→ **Problem details**
Please copy every line from the records below that contains the string "dots".

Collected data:
-- Opening Marker --
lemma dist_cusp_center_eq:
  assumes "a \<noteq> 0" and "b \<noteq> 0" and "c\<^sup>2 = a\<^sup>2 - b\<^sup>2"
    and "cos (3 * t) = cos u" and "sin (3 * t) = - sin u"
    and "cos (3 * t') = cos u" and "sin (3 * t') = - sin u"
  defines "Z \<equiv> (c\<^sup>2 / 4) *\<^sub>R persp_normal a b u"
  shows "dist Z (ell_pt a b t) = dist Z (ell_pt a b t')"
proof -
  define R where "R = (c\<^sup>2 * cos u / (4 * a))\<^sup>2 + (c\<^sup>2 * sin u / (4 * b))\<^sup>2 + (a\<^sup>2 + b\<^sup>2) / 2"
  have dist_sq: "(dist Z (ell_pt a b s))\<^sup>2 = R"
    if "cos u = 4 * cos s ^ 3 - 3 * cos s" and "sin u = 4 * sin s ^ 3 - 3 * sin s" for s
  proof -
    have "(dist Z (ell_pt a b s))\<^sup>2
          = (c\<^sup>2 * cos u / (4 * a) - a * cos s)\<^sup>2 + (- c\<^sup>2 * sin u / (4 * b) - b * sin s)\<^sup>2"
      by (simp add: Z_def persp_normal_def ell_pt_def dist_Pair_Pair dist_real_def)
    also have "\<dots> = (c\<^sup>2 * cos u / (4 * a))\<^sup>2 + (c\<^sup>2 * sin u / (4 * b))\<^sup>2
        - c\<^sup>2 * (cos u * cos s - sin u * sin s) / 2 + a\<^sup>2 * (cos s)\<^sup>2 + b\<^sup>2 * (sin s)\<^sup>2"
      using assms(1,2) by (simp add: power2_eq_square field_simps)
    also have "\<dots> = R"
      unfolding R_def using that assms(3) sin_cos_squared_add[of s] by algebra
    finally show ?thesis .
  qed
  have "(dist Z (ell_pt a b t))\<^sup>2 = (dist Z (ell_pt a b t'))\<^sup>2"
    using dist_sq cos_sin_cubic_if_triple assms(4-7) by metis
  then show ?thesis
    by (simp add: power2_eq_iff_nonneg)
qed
-- Closing Marker --
-- Opening Marker --
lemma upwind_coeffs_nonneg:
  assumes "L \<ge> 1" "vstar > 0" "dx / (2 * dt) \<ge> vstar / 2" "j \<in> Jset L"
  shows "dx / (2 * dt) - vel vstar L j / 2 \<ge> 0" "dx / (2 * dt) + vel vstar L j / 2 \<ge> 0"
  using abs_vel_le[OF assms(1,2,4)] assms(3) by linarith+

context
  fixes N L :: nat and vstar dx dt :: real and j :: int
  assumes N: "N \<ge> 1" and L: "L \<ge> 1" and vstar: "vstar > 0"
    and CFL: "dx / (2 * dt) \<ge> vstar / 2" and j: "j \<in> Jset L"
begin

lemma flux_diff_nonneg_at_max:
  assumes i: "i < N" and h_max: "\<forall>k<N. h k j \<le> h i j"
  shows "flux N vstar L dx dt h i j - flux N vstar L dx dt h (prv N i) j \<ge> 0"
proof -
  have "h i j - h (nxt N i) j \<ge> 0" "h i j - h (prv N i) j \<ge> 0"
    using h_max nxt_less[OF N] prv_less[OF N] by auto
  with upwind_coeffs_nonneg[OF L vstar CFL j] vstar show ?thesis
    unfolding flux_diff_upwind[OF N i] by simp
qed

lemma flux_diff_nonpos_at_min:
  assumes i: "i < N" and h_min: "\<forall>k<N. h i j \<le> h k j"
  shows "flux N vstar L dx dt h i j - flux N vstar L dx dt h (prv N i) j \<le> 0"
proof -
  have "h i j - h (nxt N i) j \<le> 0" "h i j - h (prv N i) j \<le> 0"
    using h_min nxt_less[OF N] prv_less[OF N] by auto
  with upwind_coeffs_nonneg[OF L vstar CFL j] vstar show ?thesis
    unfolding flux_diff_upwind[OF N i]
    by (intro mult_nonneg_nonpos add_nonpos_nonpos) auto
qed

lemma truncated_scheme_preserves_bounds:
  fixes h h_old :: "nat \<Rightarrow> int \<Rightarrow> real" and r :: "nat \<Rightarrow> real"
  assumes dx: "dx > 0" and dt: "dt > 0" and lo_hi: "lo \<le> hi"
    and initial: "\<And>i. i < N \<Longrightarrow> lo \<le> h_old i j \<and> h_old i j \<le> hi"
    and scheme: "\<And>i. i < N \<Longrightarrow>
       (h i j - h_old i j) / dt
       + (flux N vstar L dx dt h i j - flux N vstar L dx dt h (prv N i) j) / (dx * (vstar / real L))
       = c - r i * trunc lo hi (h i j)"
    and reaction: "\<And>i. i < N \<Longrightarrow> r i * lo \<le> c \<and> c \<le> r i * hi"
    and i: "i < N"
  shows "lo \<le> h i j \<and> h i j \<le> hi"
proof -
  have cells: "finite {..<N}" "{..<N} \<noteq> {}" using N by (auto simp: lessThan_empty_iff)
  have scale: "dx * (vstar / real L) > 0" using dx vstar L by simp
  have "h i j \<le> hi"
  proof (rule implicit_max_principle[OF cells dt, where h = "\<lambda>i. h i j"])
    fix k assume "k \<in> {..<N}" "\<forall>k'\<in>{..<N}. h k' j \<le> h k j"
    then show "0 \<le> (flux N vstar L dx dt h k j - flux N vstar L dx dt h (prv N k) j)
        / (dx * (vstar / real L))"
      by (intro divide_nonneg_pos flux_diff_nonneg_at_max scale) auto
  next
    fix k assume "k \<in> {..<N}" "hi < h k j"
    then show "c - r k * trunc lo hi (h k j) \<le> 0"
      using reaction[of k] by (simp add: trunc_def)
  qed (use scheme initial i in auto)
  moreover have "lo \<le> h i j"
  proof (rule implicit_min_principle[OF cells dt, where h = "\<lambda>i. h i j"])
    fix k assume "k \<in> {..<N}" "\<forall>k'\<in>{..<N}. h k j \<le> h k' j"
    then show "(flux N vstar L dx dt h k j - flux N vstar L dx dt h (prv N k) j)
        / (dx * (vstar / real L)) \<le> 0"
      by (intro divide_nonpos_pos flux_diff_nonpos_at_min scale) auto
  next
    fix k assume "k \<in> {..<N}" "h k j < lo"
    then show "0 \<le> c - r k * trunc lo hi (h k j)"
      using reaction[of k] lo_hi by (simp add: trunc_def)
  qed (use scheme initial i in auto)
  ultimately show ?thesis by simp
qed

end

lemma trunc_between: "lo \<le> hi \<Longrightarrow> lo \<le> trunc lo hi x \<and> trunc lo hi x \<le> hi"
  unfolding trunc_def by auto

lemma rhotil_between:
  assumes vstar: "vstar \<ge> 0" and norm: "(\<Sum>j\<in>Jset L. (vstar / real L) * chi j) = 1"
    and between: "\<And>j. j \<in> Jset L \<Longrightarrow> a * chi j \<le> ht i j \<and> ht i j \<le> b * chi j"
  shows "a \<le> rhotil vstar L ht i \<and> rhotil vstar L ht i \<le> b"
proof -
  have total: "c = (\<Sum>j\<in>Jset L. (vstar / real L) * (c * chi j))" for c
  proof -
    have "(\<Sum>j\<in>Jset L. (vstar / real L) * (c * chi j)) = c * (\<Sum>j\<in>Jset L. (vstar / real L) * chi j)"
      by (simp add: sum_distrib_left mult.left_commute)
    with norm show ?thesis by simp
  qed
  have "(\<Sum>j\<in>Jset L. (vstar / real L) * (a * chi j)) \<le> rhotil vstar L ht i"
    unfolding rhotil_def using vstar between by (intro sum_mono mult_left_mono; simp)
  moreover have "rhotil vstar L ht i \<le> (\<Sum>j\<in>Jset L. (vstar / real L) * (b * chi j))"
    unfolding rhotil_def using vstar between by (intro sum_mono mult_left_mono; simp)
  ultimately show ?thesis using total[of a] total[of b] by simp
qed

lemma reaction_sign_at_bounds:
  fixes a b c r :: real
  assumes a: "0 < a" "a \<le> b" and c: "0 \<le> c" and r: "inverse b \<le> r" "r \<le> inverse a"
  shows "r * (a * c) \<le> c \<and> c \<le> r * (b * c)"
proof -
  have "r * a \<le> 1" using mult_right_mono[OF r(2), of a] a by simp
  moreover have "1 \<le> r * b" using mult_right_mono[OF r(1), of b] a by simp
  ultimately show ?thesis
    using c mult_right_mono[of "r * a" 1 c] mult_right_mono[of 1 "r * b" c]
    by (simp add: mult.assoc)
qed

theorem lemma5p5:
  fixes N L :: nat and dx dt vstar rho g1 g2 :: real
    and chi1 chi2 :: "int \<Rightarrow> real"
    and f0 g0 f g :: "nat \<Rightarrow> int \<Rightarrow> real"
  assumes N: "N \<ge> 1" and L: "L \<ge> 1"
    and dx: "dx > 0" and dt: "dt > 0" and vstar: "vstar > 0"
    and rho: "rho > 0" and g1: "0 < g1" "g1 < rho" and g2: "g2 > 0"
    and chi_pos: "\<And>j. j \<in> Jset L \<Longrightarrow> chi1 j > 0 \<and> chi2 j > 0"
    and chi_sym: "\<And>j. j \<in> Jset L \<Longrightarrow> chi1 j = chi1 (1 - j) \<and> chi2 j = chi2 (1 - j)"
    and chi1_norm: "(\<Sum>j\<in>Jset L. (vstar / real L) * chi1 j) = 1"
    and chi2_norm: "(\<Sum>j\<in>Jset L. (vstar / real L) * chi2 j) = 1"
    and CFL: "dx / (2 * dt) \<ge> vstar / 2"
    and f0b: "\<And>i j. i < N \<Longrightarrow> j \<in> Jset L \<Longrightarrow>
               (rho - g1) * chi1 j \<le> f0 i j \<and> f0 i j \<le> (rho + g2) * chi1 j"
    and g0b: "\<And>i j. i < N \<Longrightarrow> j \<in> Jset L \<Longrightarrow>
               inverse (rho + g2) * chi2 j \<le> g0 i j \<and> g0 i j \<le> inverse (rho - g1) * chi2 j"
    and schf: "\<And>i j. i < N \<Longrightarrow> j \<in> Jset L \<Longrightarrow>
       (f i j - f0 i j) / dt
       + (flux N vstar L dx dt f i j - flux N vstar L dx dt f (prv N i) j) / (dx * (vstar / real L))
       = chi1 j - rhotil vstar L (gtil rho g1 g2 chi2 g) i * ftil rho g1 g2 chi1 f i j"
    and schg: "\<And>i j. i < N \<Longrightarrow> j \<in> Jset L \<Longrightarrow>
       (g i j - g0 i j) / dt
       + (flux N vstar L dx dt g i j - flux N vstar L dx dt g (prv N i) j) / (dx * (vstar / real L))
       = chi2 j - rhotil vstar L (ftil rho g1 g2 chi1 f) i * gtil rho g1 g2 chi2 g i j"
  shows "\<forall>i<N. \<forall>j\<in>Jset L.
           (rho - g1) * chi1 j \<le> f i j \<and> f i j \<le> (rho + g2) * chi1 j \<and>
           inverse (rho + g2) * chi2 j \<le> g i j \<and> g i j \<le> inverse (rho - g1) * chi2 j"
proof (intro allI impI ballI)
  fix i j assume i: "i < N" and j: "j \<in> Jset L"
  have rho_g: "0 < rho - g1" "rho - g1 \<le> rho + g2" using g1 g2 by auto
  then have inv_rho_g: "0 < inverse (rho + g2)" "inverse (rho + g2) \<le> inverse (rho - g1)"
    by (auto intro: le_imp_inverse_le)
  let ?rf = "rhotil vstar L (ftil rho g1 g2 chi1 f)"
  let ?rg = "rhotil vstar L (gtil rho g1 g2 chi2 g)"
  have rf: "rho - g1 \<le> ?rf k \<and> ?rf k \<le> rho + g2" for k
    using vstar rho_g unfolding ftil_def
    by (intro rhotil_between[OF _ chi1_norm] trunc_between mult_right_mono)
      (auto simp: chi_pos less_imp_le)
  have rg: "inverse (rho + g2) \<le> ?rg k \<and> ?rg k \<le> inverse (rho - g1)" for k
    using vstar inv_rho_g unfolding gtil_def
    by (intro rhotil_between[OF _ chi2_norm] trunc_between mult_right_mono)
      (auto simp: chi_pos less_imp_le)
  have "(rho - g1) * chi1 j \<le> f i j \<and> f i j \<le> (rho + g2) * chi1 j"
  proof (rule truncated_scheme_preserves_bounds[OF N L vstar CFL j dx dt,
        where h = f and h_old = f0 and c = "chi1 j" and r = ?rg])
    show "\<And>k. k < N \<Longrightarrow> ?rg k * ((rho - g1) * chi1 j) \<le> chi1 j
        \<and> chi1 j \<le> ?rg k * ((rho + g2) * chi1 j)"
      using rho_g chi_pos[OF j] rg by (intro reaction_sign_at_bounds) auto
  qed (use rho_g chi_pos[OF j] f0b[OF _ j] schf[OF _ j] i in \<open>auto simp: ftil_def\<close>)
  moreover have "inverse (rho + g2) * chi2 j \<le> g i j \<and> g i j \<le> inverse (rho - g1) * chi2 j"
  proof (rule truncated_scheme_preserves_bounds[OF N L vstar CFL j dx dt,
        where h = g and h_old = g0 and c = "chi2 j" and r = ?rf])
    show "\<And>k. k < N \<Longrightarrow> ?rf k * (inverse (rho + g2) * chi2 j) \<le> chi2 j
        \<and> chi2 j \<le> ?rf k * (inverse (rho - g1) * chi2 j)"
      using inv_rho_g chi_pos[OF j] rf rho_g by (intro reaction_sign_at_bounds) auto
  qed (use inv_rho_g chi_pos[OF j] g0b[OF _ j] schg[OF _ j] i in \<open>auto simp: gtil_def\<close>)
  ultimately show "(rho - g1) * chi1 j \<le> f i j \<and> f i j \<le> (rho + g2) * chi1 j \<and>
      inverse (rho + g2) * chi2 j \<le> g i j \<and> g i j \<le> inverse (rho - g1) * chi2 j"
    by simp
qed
-- Closing Marker --
→ **Worked solution**
    also have "\<dots> = (c\<^sup>2 * cos u / (4 * a))\<^sup>2 + (c\<^sup>2 * sin u / (4 * b))\<^sup>2
    also have "\<dots> = R"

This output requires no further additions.